Première Publication: 19/03/2012 06:18 Mis à jour: 21/03/2012 11:59

MONTRÉAL - Aveos blâme Air Canada (TSX:AC.B) pour les difficultés financières qui l'ont forcée à se placer sous la protection de la Loi sur les arrangements avec les créanciers des compagnies (LACC) et à fermer, du moins temporairement, ses ateliers, semant l'incertitude au sein de ses 2600 employés, dont 1800 à Montréal.

En réclamant cette protection, lundi devant la Cour supérieure à Montréal, Aveos a indiqué qu'Air Canada, son plus important client, l'avait placée dans une position intenable.

«Depuis le début de 2012, Air Canada a réduit, reporté et annulé des travaux d'entretien avec Aveos, ce qui a résulté en une perte de revenus de 16 millions $ en moins de deux mois», a affirmé l'entreprise dans sa demande.

«Bien qu'Aveos était prêt et capable d'effectuer les travaux prévus, la perte de ces travaux a été dévastatrice pour la situation financière d'Aveos», poursuit-on dans le document.

Air Canada a dit tard lundi avoir proposé à Aveos un financement de l'ordre de 15 millions $. Le transporteur a indiqué dans un communiqué qu'il déposerait également la proposition de ce «fonds d'urgence» devant le juge qui préside les audiences.

«Le financement du débiteur-exploitant, qui est en grande partie semblable à l'offre déposée par Air Canada cette fin de semaine, a pour but d'aider à stabiliser Aveos, (...) afin que sa restructuration se fasse de manière plus ordonnée», affirme Air Canada.

Le transporteur soutient que cette «stabilisation devrait permettre à Aveos de rouvrir certaines de ses installations et de rappeler certains de ses employés», tout en permettant aussi à Air Canada d'«ajouter des travaux de maintenance au cours des jours et semaines à venir».

Le financement doit être approuvé à la fois par Aveos et par le tribunal, ajoute le communiqué.

Air Canada est le plus important client d'Aveos, représentant environ 90 pour cent de ses activités d'entretien.

Aveos a présentement trois gros porteurs d'Air Canada en réparation à ses installations de Montréal et Vancouver.

Un avocat d'Air Canada était venu affirmer devant le tribunal que le défaut de compléter ces réparations d'ici deux semaines pourrait se traduire par de nombreuses annulations de vols.

Or, dans les heures précédentes, Air Canada avait publié un communiqué soutenant exactement le contraire.

«Air Canada a un plan de contingence lui permettant d'assurer la continuité de ces travaux, lesquels continueront d'être exécutés conformément à toutes les exigences légales et réglementaires, écrivait-on.
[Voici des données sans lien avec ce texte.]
(* Let $(X,d)$ be a compact metric space and $f_{1,\infty}=\{f_n\}$ a sequence of continuous surjective maps $f_n:X\to X$ converging uniformly to $f:X\to X$, such that $\{f_n^k\}_{k\in\mathbb{N}}$ converges collectively to $\{f^k\}_{k\in\mathbb{N}}$ and $f_{1,\infty}$ is feebly open. Then $(X,f_{1,\infty})$ is strongly multi-sensitive if and only if $(X,f)$ is strongly multi-sensitive; and $(X,f_{1,\infty})$ is $\mathcal{N}$-sensitive if and only if $(X,f)$ is $\mathcal{N}$-sensitive.
   Context: Write $f_i^n=f_{n+i-1}\circ\cdots\circ f_i$, $f_i^0=\mathrm{id}$; an autonomous system $(X,f)$ is the case $f_n=f$ for all $n$ (so $f_i^n=f^n$). Collective convergence: for every $\epsilon>0$ there is $N_0\in\mathbb{N}$ such that $D(f_N^k,f^k)<\epsilon$ for all $N\ge N_0$ and all $k\in\mathbb{N}$, where $D$ is the supremum metric on continuous self-maps of $X$. Feebly open: $\mathrm{int}(f_n(U))\ne\varnothing$ for every nonempty open $U\subseteq X$ and every $n$. $f_{1,\infty}^{[k]}=\{f^k_{k(n-1)+1}\}_{n=1}^\infty$ (its $n$-fold composition from index $1$ is $f_1^{kn}$). $N_{f_{1,\infty}}(V,\delta)=\{n\in\mathbb{N}:\exists u,v\in V,\ d(f_1^n(u),f_1^n(v))>\delta\}$. For $\mathbf{v}=(v_1,\dots,v_r)\in\mathbb{N}^r$, the system is multi-sensitive with respect to $\mathbf{v}$ if there is $\delta>0$ such that $\bigcap_{i=1}^r N_{f_{1,\infty}^{[v_i]}}(U_i,\delta)\ne\varnothing$ for all nonempty open $U_1,\dots,U_r$; $\mathcal{N}$-sensitive if multi-sensitive with respect to $(1,\dots,n)$ for every $n$; strongly multi-sensitive if multi-sensitive with respect to every vector in $\mathbb{N}^r$, for every $r$. *)

theory Defs
  imports "HOL-Analysis.Analysis"
begin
Si Aveos n'est pas en mesure d'assurer les services prévus, Air Canada est prête à prendre des dispositions avec différents fournisseurs principalement installés au Canada et aux États-Unis et avec lesquels elle entretient des relations depuis longtemps.»
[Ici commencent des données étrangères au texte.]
(* (a) Suppose a state $\Phi$ satisfies $D_{\min,\mathbb{F}}(\Phi)=D_{s,\mathbb{F}}(\Phi)=:r$, let $\sigma^\star\in\mathbb{F}$ be a free state with $2^{-r}\Phi+(1-2^{-r})\sigma^\star\in\mathbb{F}$, and for $\kappa\in[0,1]$ put $\Phi_\kappa=\kappa\Phi+(1-\kappa)\sigma^\star$. Then $D_{\min,\mathbb{F}}(\Phi_\kappa)=0$ for $0\le\kappa<1$ and $=r$ for $\kappa=1$, and $D_{\max,\mathbb{F}}(\Phi_\kappa)=D_{s,\mathbb{F}}(\Phi_\kappa)=\max\{r-\log\frac1\kappa,0\}$ for every $\kappa\in[0,1]$. (b) Suppose instead $D_{\min,\mathrm{aff}(\mathbb{F})}(\Phi)=D_{\max,\mathbb{F}}(\Phi)=:r$, let $\sigma^\star$ be a state with $2^{-r}\Phi+(1-2^{-r})\sigma^\star\in\mathbb{F}$, and $\Phi_\kappa=\kappa\Phi+(1-\kappa)\sigma^\star$. Then $D_{\min,\mathrm{aff}(\mathbb{F})}(\Phi_\kappa)=D_{\min,\mathbb{F}}(\Phi_\kappa)$ equals $0$ for $0<\kappa<1$, $\log\frac{1}{1-2^{-r}}$ for $\kappa=0$, and $r$ for $\kappa=1$; and $D_{\max,\mathbb{F}}(\Phi_\kappa)=\max\{r-\log\frac1\kappa,\ \log\frac{1-\kappa}{1-2^{-r}}\}$ for every $\kappa\in[0,1]$.
   Context: Finite-dimensional Hilbert space, $\log$ base 2 (with $\log\frac10=+\infty$ conventions as needed). $\mathbb{F}$ is a convex and closed set of (free) states. $D_{\min}(\rho\|\sigma)=-\log\mathrm{Tr}[\Pi_\rho\sigma]$ ($\Pi_\rho$ support projector); $D_H^0(\rho\|\sigma)=\sup\{-\log\mathrm{Tr}[P\sigma]:0\le P\le\mathbb{1},\mathrm{Tr}[P\rho]=1\}$ (also for Hermitian $\sigma$). $D_{\min,\mathbb{F}}(\rho)=\inf_{\sigma\in\mathbb{F}}D_{\min}(\rho\|\sigma)$; $D_{\min,\mathrm{aff}(\mathbb{F})}(\rho)=\inf_{\sigma\in\mathrm{aff}(\mathbb{F})}D^0_H(\rho\|\sigma)$ with $\mathrm{aff}(\mathbb{F})$ the affine hull; $D_{\max,\mathbb{F}}(\rho)=\inf\{\log(1+s):\frac{\rho+s\tau}{1+s}\in\mathbb{F},\tau\text{ a state}\}$; $D_{s,\mathbb{F}}(\rho)=\inf\{\log(1+s):\frac{\rho+s\tau}{1+s}\in\mathbb{F},\tau\in\mathbb{F}\}$. (The state $\sigma^\star$ in each case is a state attaining the corresponding robustness decomposition of $\Phi$; such a state exists by closedness of $\mathbb{F}$.) *)

theory Defs
  imports "HOL-Analysis.Analysis"
begin

type_synonym 'n op = "complex^'n^'n"

definition hermitian :: "'n::finite op \<Rightarrow> bool" where
  "hermitian A \<longleftrightarrow> (\<forall>i j. A $ i $ j = cnj (A $ j $ i))"

definition psd :: "'n::finite op \<Rightarrow> bool" where
  "psd A \<longleftrightarrow> hermitian A \<and>
     (\<forall>x::complex^'n. 0 \<le> Re (\<Sum>i\<in>UNIV. \<Sum>j\<in>UNIV. cnj (x $ i) * A $ i $ j * x $ j))"

definition density :: "'n::finite op \<Rightarrow> bool" where
  "density \<rho> \<longleftrightarrow> psd \<rho> \<and> trace \<rho> = 1"

definition supp_proj :: "'n::finite op \<Rightarrow> 'n op" where
  "supp_proj \<rho> = (THE P. hermitian P \<and> P ** P = P \<and>
       range (\<lambda>x. P *v x) = range (\<lambda>x. \<rho> *v x))"

text \<open>Base-2 logarithm extended to ereal, with log x = -\<infinity> for x \<le> 0
  (so that -log 0 = +\<infinity>).\<close>
definition elog2 :: "real \<Rightarrow> ereal" where
  "elog2 x = (if x \<le> 0 then -\<infinity> else ereal (log 2 x))"

definition Dmin :: "'n::finite op \<Rightarrow> 'n op \<Rightarrow> ereal" where
  "Dmin \<rho> \<sigma> = - elog2 (Re (trace (supp_proj \<rho> ** \<sigma>)))"

definition DH0 :: "'n::finite op \<Rightarrow> 'n op \<Rightarrow> ereal" where
  "DH0 \<rho> \<sigma> = (SUP P \<in> {P. psd P \<and> psd (mat 1 - P) \<and> trace (P ** \<rho>) = 1}.
                   - elog2 (Re (trace (P ** \<sigma>))))"

definition Dmin_F :: "'n::finite op set \<Rightarrow> 'n op \<Rightarrow> ereal" where
  "Dmin_F F \<rho> = (INF \<sigma> \<in> F. Dmin \<rho> \<sigma>)"

definition Dmin_aff :: "'n::finite op set \<Rightarrow> 'n op \<Rightarrow> ereal" where
  "Dmin_aff F \<rho> = (INF \<sigma> \<in> affine hull F. DH0 \<rho> \<sigma>)"

definition Dmax_F :: "'n::finite op set \<Rightarrow> 'n op \<Rightarrow> ereal" where
  "Dmax_F F \<rho> = (INF s \<in> {s::real. 0 \<le> s \<and>
      (\<exists>\<tau>. density \<tau> \<and> (1 / (1 + s)) *\<^sub>R (\<rho> + s *\<^sub>R \<tau>) \<in> F)}. ereal (log 2 (1 + s)))"

definition Ds_F :: "'n::finite op set \<Rightarrow> 'n op \<Rightarrow> ereal" where
  "Ds_F F \<rho> = (INF s \<in> {s::real. 0 \<le> s \<and>
      (\<exists>\<tau>\<in>F. (1 / (1 + s)) *\<^sub>R (\<rho> + s *\<^sub>R \<tau>) \<in> F)}. ereal (log 2 (1 + s)))"

end

theory Submission
  imports Defs
begin

text \<open>
  Put q = 2 powr -r and \<omega> = q \<Phi> + (1 - q) \<sigma>, a free state. For every \<kappa>, the state
  \<Phi>\<kappa> = \<kappa> \<Phi> + (1 - \<kappa>) \<sigma> can be mixed with \<sigma> (if \<kappa> \<ge> q) or with \<Phi> (if \<kappa> \<le> q) to give \<omega>,
  which bounds its robustness from above; the lower bounds come from D_min,F \<le> D_max,F
  and from D_max,F(\<kappa> A + (1 - \<kappa>) B) \<ge> D_max,F(A) + log \<kappa>. For 0 < \<kappa> < 1 the support of \<Phi>\<kappa>
  contains that of a free state, so its min-relative entropies vanish.

  The one non-elementary step is D_min,aff(\<sigma>) \<ge> -log(1 - q) in part (b). The trace
  profiles (tr P \<omega>, tr P (\<omega> - \<sigma>')) of the zero-error tests P for \<Phi> form a compact convex
  set; if it missed (q, 0), a separating line would produce an affine combination \<theta> of \<omega>
  and \<sigma>' \<in> aff F with D_H^0(\<Phi> || \<theta>) < r. The test attaining (q, 0) rejects \<sigma> surely, and
  its complement accepts \<sigma>' with probability 1 - q.

  Positivity of tr (A B) for positive semidefinite A, B and the existence of support
  projections are proved by induction along Schur complements (Cholesky elimination).
\<close>

section \<open>Adjoints, inner products and outer products\<close>

definition mat_adjoint :: "complex^'n^'m \<Rightarrow> complex^'m^'n" where
  "mat_adjoint A = (\<chi> i j. cnj (A $ j $ i))"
Le transporteur précisait que ces événements, qu'il qualifiait de «décevants», n'avaient aucune incidence sur ses activités quotidiennes d'entretien, qui sont toujours effectuées par ses propres 2300 employés de maintenance.

Dans ce même communiqué, Air Canada se dégageait de toute responsabilité face à Aveos, rappelant qu'il avait vendu sa division des services techniques en 2004 et que celle-ci a été revendue en 2007 à un consortium d'investisseurs privés et que sa main-d'oeuvre est indépendante de celle d'Air Canada et régie par une convention collective distincte.
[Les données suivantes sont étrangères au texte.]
(* Let $G$ be a graph with $n\ge 2$ vertices that is both connected and co-connected. Then every connecting hypergraph $H$ of $G$ satisfies $\mathrm{cost}(H)\ge \frac{2(n-1)}{3}$.
   Context: All graphs are finite, simple and undirected. $G[X]$ denotes the subgraph induced by $X\subseteq V(G)$. The complement $\bar G$ has vertex set $V(G)$ and an edge $xy$ ($x\neq y$) iff $xy\notin E(G)$; $G$ is co-connected if $\bar G$ is connected. A connecting hypergraph of $G$ is a set $H$ of subsets of $V(G)$ such that every $E\in H$ satisfies $|E|\ge 2$ and $G[E]$ is connected, and for every pair of distinct non-adjacent vertices $u,v$ of $G$ there exists $E\in H$ with $u,v\in E$. Its cost is $\mathrm{cost}(H)=\sum_{E\in H}(|E|-2)$. *)

theory Defs
  imports Main
begin

definition simple_graph :: "'a set \<Rightarrow> ('a \<Rightarrow> 'a \<Rightarrow> bool) \<Rightarrow> bool" where
  "simple_graph V E \<longleftrightarrow> finite V \<and> (\<forall>x y. E x y \<longrightarrow> x \<in> V \<and> y \<in> V)
     \<and> (\<forall>x y. E x y \<longrightarrow> E y x) \<and> (\<forall>x. \<not> E x x)"

definition induced_connected :: "('a \<Rightarrow> 'a \<Rightarrow> bool) \<Rightarrow> 'a set \<Rightarrow> bool" where
  "induced_connected E X \<longleftrightarrow> X \<noteq> {} \<and>
     (\<forall>u\<in>X. \<forall>v\<in>X. (\<lambda>x y. x \<in> X \<and> y \<in> X \<and> E x y)\<^sup>*\<^sup>* u v)"

definition connected_graph :: "'a set \<Rightarrow> ('a \<Rightarrow> 'a \<Rightarrow> bool) \<Rightarrow> bool" where
  "connected_graph V E \<longleftrightarrow> induced_connected E V"

definition compl_adj :: "'a set \<Rightarrow> ('a \<Rightarrow> 'a \<Rightarrow> bool) \<Rightarrow> 'a \<Rightarrow> 'a \<Rightarrow> bool" where
  "compl_adj V E x y \<longleftrightarrow> x \<in> V \<and> y \<in> V \<and> x \<noteq> y \<and> \<not> E x y"

definition co_connected :: "'a set \<Rightarrow> ('a \<Rightarrow> 'a \<Rightarrow> bool) \<Rightarrow> bool" where
  "co_connected V E \<longleftrightarrow> connected_graph V (compl_adj V E)"

definition connecting_hypergraph :: "'a set \<Rightarrow> ('a \<Rightarrow> 'a \<Rightarrow> bool) \<Rightarrow> 'a set set \<Rightarrow> bool" where
  "connecting_hypergraph V E H \<longleftrightarrow>
     (\<forall>X\<in>H. X \<subseteq> V \<and> card X \<ge> 2 \<and> induced_connected E X) \<and>
     (\<forall>u\<in>V. \<forall>v\<in>V. u \<noteq> v \<and> \<not> E u v \<longrightarrow> (\<exists>X\<in>H. u \<in> X \<and> v \<in> X))"

definition hcost :: "'a set set \<Rightarrow> int" where
  "hcost H = (\<Sum>X\<in>H. int (card X) - 2)"

end

theory Submission
  imports Defs
begin

text \<open>Shrink every hyperedge X of size 2 or 3 to the vertices of X having a non-neighbour in X;
  since G[X] is connected, this removes at least one vertex.  Every non-edge of G still lies in a
  shrunk hyperedge, so co-connectivity makes the shrunk hypergraph connected on all of V, and a
  connected hypergraph on n vertices satisfies \<open>\<Sum>(|Y| - 1) \<ge> n - 1\<close>.  Finally
  \<open>2(|Y| - 1) \<le> 3(|X| - 2)\<close> holds for each hyperedge X and its shrinking Y: for
  \<open>|X| \<ge> 4\<close> with Y = X, and for \<open>|X| \<in> {2, 3}\<close> because \<open>|Y| < |X|\<close>.\<close>

definition hyper_adj :: "'a set set \<Rightarrow> 'a \<Rightarrow> 'a \<Rightarrow> bool" where
  "hyper_adj F x y \<longleftrightarrow> (\<exists>X\<in>F. x \<in> X \<and> y \<in> X)"

definition hyper_connected :: "'a set set \<Rightarrow> bool" where
  "hyper_connected F \<longleftrightarrow> (\<forall>u\<in>\<Union>F. \<forall>v\<in>\<Union>F. (hyper_adj F)\<^sup>*\<^sup>* u v)"

lemma rtranclp_map:
  assumes "r\<^sup>*\<^sup>* u v" and "\<And>x y. r x y \<Longrightarrow> s (f x) (f y)"
  shows "s\<^sup>*\<^sup>* (f u) (f v)"
  using assms(1) by induction (simp_all add: assms(2) rtranclp.rtrancl_into_rtrancl)

lemma hyper_connected_image:
  assumes "hyper_connected F"
  shows "hyper_connected ((`) f ` F)"
  unfolding hyper_connected_def
proof (intro ballI)
  fix u v assume "u \<in> \<Union>((`) f ` F)" "v \<in> \<Union>((`) f ` F)"
  then obtain u0 v0 where "u0 \<in> \<Union>F" "v0 \<in> \<Union>F" "u = f u0" "v = f v0" by auto
  moreover have "(hyper_adj F)\<^sup>*\<^sup>* u0 v0"
    using assms \<open>u0 \<in> \<Union>F\<close> \<open>v0 \<in> \<Union>F\<close> by (auto simp: hyper_connected_def)
  moreover have "hyper_adj ((`) f ` F) (f x) (f y)" if "hyper_adj F x y" for x y
    using that by (fastforce simp: hyper_adj_def)
  ultimately show "(hyper_adj ((`) f ` F))\<^sup>*\<^sup>* u v" by (metis rtranclp_map)
qed

lemma hyper_connected_eq_if_card_le_1:
  assumes "hyper_connected F" "\<forall>X\<in>F. finite X \<and> card X \<le> 1" "u \<in> \<Union>F" "v \<in> \<Union>F"
  shows "u = v"
proof -
  have "(hyper_adj F)\<^sup>*\<^sup>* u v" using assms(1,3,4) unfolding hyper_connected_def by blast
  then show ?thesis
  proof induction
    case (step y z)
    then obtain X where "X \<in> F" "y \<in> X" "z \<in> X" by (auto simp: hyper_adj_def)
    then show ?case using step.IH assms(2) by (metis One_nat_def card_le_Suc0_iff_eq)
  qed simp
qed

text \<open>Induction on the excess \<open>\<Sum>(|X| - 1)\<close>: identifying two vertices of a common hyperedge keeps
  the hypergraph connected, lowers the excess, and lowers the number of vertices by exactly one.\<close>

lemma card_Union_le_hyper_connected:
  assumes "finite F" "\<forall>X\<in>F. finite X" "hyper_connected F"
  shows "card (\<Union>F) \<le> 1 + (\<Sum>X\<in>F. card X - 1)"
  using assms
proof (induction "\<Sum>X\<in>F. card X - 1" arbitrary: F rule: less_induct)
  case less
  show ?case
  proof (cases "\<forall>X\<in>F. card X \<le> 1")
    case True
    then have "\<forall>u\<in>\<Union>F. \<forall>v\<in>\<Union>F. u = v"
      using hyper_connected_eq_if_card_le_1[OF less.prems(3)] less.prems(2) by blast
    moreover have "finite (\<Union>F)" using less.prems(1,2) by blast
    ultimately have "card (\<Union>F) \<le> 1" by (metis One_nat_def card_le_Suc0_iff_eq)
    then show ?thesis by simp
  next
    case False
    then obtain X0 where X0: "X0 \<in> F" "card X0 > 1" by force
    have fin: "finite X0" "finite (\<Union>F)" using X0 less.prems(1,2) by auto
    obtain a b where ab: "a \<in> X0" "b \<in> X0" "a \<noteq> b"
      using X0(2) fin(1) by (metis One_nat_def card_le_Suc0_iff_eq not_le)
    define f where "f x = (if x = b then a else x)" for x
    define F' where "F' = (`) f ` F"
    have "b \<in> \<Union>F" "a \<in> \<Union>F" using ab X0 by blast+
    moreover have "\<Union>F' = f ` \<Union>F" by (auto simp: F'_def)
    ultimately have "\<Union>F' = \<Union>F - {b}" using ab(3) by (auto simp: f_def split: if_splits)
    then have card_F': "card (\<Union>F) = card (\<Union>F') + 1"
      using card_Suc_Diff1[OF fin(2) \<open>b \<in> \<Union>F\<close>] by simp
    have "(\<Sum>Y\<in>F'. card Y - 1) \<le> (\<Sum>X\<in>F. card (f ` X) - 1)"
      unfolding F'_def using sum_image_le[OF less.prems(1), of "\<lambda>Y. card Y - 1"]
      by (simp add: o_def)
    also have "\<dots> < (\<Sum>X\<in>F. card X - 1)"
    proof (rule sum_strict_mono_ex1[OF less.prems(1)])
      show "\<forall>X\<in>F. card (f ` X) - 1 \<le> card X - 1"
        using less.prems(2) by (auto intro: diff_le_mono card_image_le)
      have "\<not> inj_on f X0" using ab by (auto simp: inj_on_def f_def)
      then have "card (f ` X0) < card X0"
        using fin(1) card_image_le[OF fin(1), of f]
        by (metis card_image le_neq_implies_less eq_card_imp_inj_on)
      moreover have "card (f ` X0) \<ge> 1" using fin(1) ab
        by (metis One_nat_def Suc_leI card_gt_0_iff empty_iff finite_imageI image_is_empty)
      ultimately show "\<exists>X\<in>F. card (f ` X) - 1 < card X - 1" using X0 by force
    qed
    finally have excess: "(\<Sum>Y\<in>F'. card Y - 1) < (\<Sum>X\<in>F. card X - 1)" .
    have "finite F'" "\<forall>Y\<in>F'. finite Y" "hyper_connected F'"
      using less.prems hyper_connected_image unfolding F'_def by auto
    then have "card (\<Union>F') \<le> 1 + (\<Sum>Y\<in>F'. card Y - 1)" by (rule less.hyps[OF excess])
    then show ?thesis using card_F' excess by linarith
  qed
qed

definition nondominating :: "('a \<Rightarrow> 'a \<Rightarrow> bool) \<Rightarrow> 'a set \<Rightarrow> 'a set" where
  "nondominating E X = {x\<in>X. \<exists>y\<in>X. y \<noteq> x \<and> \<not> E x y}"

definition shrink :: "('a \<Rightarrow> 'a \<Rightarrow> bool) \<Rightarrow> 'a set \<Rightarrow> 'a set" where
  "shrink E X = (if card X \<ge> 4 then X else nondominating E X)"

lemma shrink_subset: "shrink E X \<subseteq> X"
  by (auto simp: shrink_def nondominating_def)

lemma nonadj_in_shrink:
  assumes "u \<in> X" "v \<in> X" "u \<noteq> v" "\<not> E u v"
  shows "u \<in> shrink E X"
  using assms by (auto simp: shrink_def nondominating_def)

lemma induced_connected_isolated:
  assumes "induced_connected E X" "x \<in> X" "\<forall>y\<in>X. \<not> E x y" "z \<in> X"
  shows "z = x"
proof -
  have "(\<lambda>x y. x \<in> X \<and> y \<in> X \<and> E x y)\<^sup>*\<^sup>* x z"
    using assms(1,2,4) by (simp add: induced_connected_def)
  then show ?thesis by (rule converse_rtranclpE) (use assms(3) in auto)
qed

lemma small_set_has_isolated:
  assumes "card X \<in> {2, 3}" "\<forall>x\<in>X. \<exists>y\<in>X. y \<noteq> x \<and> \<not> E x y"
    and "\<And>x y. E x y \<Longrightarrow> E y x" "\<And>x. \<not> E x x"
  shows "\<exists>x\<in>X. \<forall>y\<in>X. \<not> E x y"
  using assms(1)
proof (elim insertE emptyE)
  assume "card X = 2"
  then obtain a b where "X = {a, b}" by (auto simp: card_2_iff)
  then show ?thesis using assms(2,4) by auto
next
  assume "card X = 3"
  then obtain a b c where "X = {a, b, c}" by (auto simp: card_3_iff)
  then show ?thesis using assms(2-4) by simp metis
qed

lemma nondominating_psubset:
  assumes "induced_connected E X" "card X \<in> {2, 3}"
    and "\<And>x y. E x y \<Longrightarrow> E y x" "\<And>x. \<not> E x x"
  shows "nondominating E X \<subset> X"
proof -
  have "X \<noteq> nondominating E X"
  proof
    assume "X = nondominating E X"
    then have "\<forall>x\<in>X. \<exists>y\<in>X. y \<noteq> x \<and> \<not> E x y" by (auto simp: nondominating_def)
    then obtain x where "x \<in> X" "\<forall>y\<in>X. \<not> E x y"
      using small_set_has_isolated assms(2-4) by blast
    then have "X = {x}" using induced_connected_isolated[OF assms(1)] by blast
    then show False using assms(2) by simp
  qed
  then show ?thesis by (auto simp: nondominating_def)
qed

lemma shrink_card_bound:
  assumes "finite X" "card X \<ge> 2" "induced_connected E X"
    and "\<And>x y. E x y \<Longrightarrow> E y x" "\<And>x. \<not> E x x"
  shows "2 * int (card (shrink E X) - 1) \<le> 3 * (int (card X) - 2)"
proof (cases "card X \<ge> 4")
  case False
  then have "card X \<in> {2, 3}" using assms(2) by auto
  then have "shrink E X \<subset> X"
    using False assms nondominating_psubset[of E X] by (simp add: shrink_def)
  then have "card (shrink E X) < card X" by (rule psubset_card_mono[OF assms(1)])
  then show ?thesis using False assms(2) by presburger
qed (simp add: shrink_def)

lemma co_connected_path:
  assumes "co_connected V E" "u \<in> V" "v \<in> V"
  shows "(compl_adj V E)\<^sup>*\<^sup>* u v"
proof -
  have "(\<lambda>x y. x \<in> V \<and> y \<in> V \<and> compl_adj V E x y)\<^sup>*\<^sup>* u v"
    using assms by (simp add: co_connected_def connected_graph_def induced_connected_def)
  then show ?thesis by (rule rtranclp_mono[THEN predicate2D, rotated]) auto
qed

lemma co_connected_compl_neighbour:
  assumes "co_connected V E" "finite V" "card V \<ge> 2" "v \<in> V"
  obtains w where "compl_adj V E v w"
proof -
  obtain w where "w \<in> V" "w \<noteq> v"
    using assms(2-4) by (metis card_le_Suc0_iff_eq not_less_eq_eq numeral_2_eq_2)
  then have "(compl_adj V E)\<^sup>*\<^sup>* v w" using co_connected_path assms(1,4) by metis
  then show thesis by (rule converse_rtranclpE) (use that \<open>w \<noteq> v\<close> in auto)
qed

lemma shrink_covers_compl_adj:
  assumes "connecting_hypergraph V E H" "\<And>x y. E x y \<Longrightarrow> E y x" "compl_adj V E u v"
  shows "hyper_adj (shrink E ` H) u v"
proof -
  have "\<exists>X\<in>H. u \<in> X \<and> v \<in> X"
    using assms(1,3) unfolding connecting_hypergraph_def compl_adj_def by blast
  then obtain X where "X \<in> H" "u \<in> X" "v \<in> X" by blast
  then have "u \<in> shrink E X" "v \<in> shrink E X"
    using nonadj_in_shrink[of u X v E] nonadj_in_shrink[of v X u E] assms(2,3)
    by (auto simp: compl_adj_def)
  then show ?thesis using \<open>X \<in> H\<close> unfolding hyper_adj_def by blast
qed

lemma shrink_hypergraph_spanning_connected:
  assumes "finite V" "card V \<ge> 2" "co_connected V E" "connecting_hypergraph V E H"
    and "\<And>x y. E x y \<Longrightarrow> E y x"
  shows "\<Union>(shrink E ` H) = V" and "hyper_connected (shrink E ` H)"
proof -
  let ?F = "shrink E ` H"
  have covers: "hyper_adj ?F u v" if "compl_adj V E u v" for u v
    by (rule shrink_covers_compl_adj[OF assms(4,5) that])
  have "\<forall>X\<in>H. X \<subseteq> V" using assms(4) unfolding connecting_hypergraph_def by blast
  then have "\<Union>?F \<subseteq> V" using shrink_subset[of E] by blast
  moreover have "V \<subseteq> \<Union>?F"
  proof
    fix v assume "v \<in> V"
    then obtain w where "compl_adj V E v w" using co_connected_compl_neighbour assms(1-3) by metis
    then show "v \<in> \<Union>?F" using covers unfolding hyper_adj_def by blast
  qed
  ultimately show UF: "\<Union>?F = V" by blast
  have "(compl_adj V E)\<^sup>*\<^sup>* \<le> (hyper_adj ?F)\<^sup>*\<^sup>*" using covers by (intro rtranclp_mono) blast
  then show "hyper_connected ?F"
    using co_connected_path[OF assms(3)] unfolding hyper_connected_def UF by blast
qed

lemma shrink_excess_le_hcost:
  assumes "simple_graph V E" "connecting_hypergraph V E H"
  shows "2 * int (\<Sum>X\<in>H. card (shrink E X) - 1) \<le> 3 * hcost H"
proof -
  have "2 * int (\<Sum>X\<in>H. card (shrink E X) - 1) = (\<Sum>X\<in>H. 2 * int (card (shrink E X) - 1))"
    by (simp add: of_nat_sum sum_distrib_left)
  also have "\<dots> \<le> (\<Sum>X\<in>H. 3 * (int (card X) - 2))"
  proof (rule sum_mono)
    fix X assume "X \<in> H"
    then have "X \<subseteq> V" "card X \<ge> 2" "induced_connected E X"
      using assms(2) by (auto simp: connecting_hypergraph_def)
    then show "2 * int (card (shrink E X) - 1) \<le> 3 * (int (card X) - 2)"
      using assms(1)
      by (intro shrink_card_bound) (auto simp: simple_graph_def intro: rev_finite_subset)
  qed
  also have "\<dots> = 3 * hcost H" by (simp add: hcost_def sum_distrib_left)
  finally show ?thesis .
qed

theorem mainTheorem8:
  fixes V :: "'a set" and E :: "'a \<Rightarrow> 'a \<Rightarrow> bool" and H :: "'a set set"
  assumes "simple_graph V E"
    and "card V \<ge> 2"
    and "connected_graph V E"
    and "co_connected V E"
    and "connecting_hypergraph V E H"
  shows "3 * hcost H \<ge> 2 * (int (card V) - 1)"
proof -
  have finV: "finite V" and sym: "\<And>x y. E x y \<Longrightarrow> E y x"
    using assms(1) by (auto simp: simple_graph_def)
  have "H \<subseteq> Pow V" using assms(5) by (auto simp: connecting_hypergraph_def)
  then have finH: "finite H" using finV by (simp add: finite_subset)
  note shrunk = shrink_hypergraph_spanning_connected[OF finV assms(2,4,5) sym]
  have "\<forall>Y\<in>shrink E ` H. finite Y" using shrunk(1) finV by (metis Union_upper rev_finite_subset)
  then have "card V \<le> 1 + (\<Sum>Y\<in>shrink E ` H. card Y - 1)"
    using card_Union_le_hyper_connected[OF finite_imageI[OF finH] _ shrunk(2)]
    by (simp add: shrunk(1))
  also have "\<dots> \<le> 1 + (\<Sum>X\<in>H. card (shrink E X) - 1)"
    using sum_image_le[OF finH, of "\<lambda>Y. card Y - 1"] by (simp add: o_def)
  finally show ?thesis using shrink_excess_le_hcost[OF assms(1,5)] by presburger
qed

end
Cependant, les 2600 employés d'Aveos répartis dans ses installations de Montréal, Vancouver et Winnipeg sont, pour la plupart, d'anciens employés d'Air Canada qui avaient été forcés à changer d'employeur lorsque le transporteur s'était départi de sa division.

Plus d'une centaine d'entre eux ont d'ailleurs bloqué, lundi matin, l'accès aux bureaux d'Air Canada à l'aéroport Pierre-Elliott-Trudeau, à Montréal, alors qu'un autre groupe manifestait devant les bureaux d'Aveos, situés à proximité.

Le porte-parole de l'Association internationale des machinistes et des travailleurs de l'aérospatial (AIMTA), Marcel St-Jean, déplorait d'ailleurs la manière dont s'était déroulé le tout.

«C'est une surprise totale. Dimanche après-midi les employés ont reçu des appels à la maison à partir de 17h leur disant de ne pas rentrer travailler, que ce serait fermé le lendemain (lundi). Le syndicat n'a jamais eu de contact avec la compagnie», a-t-il dit.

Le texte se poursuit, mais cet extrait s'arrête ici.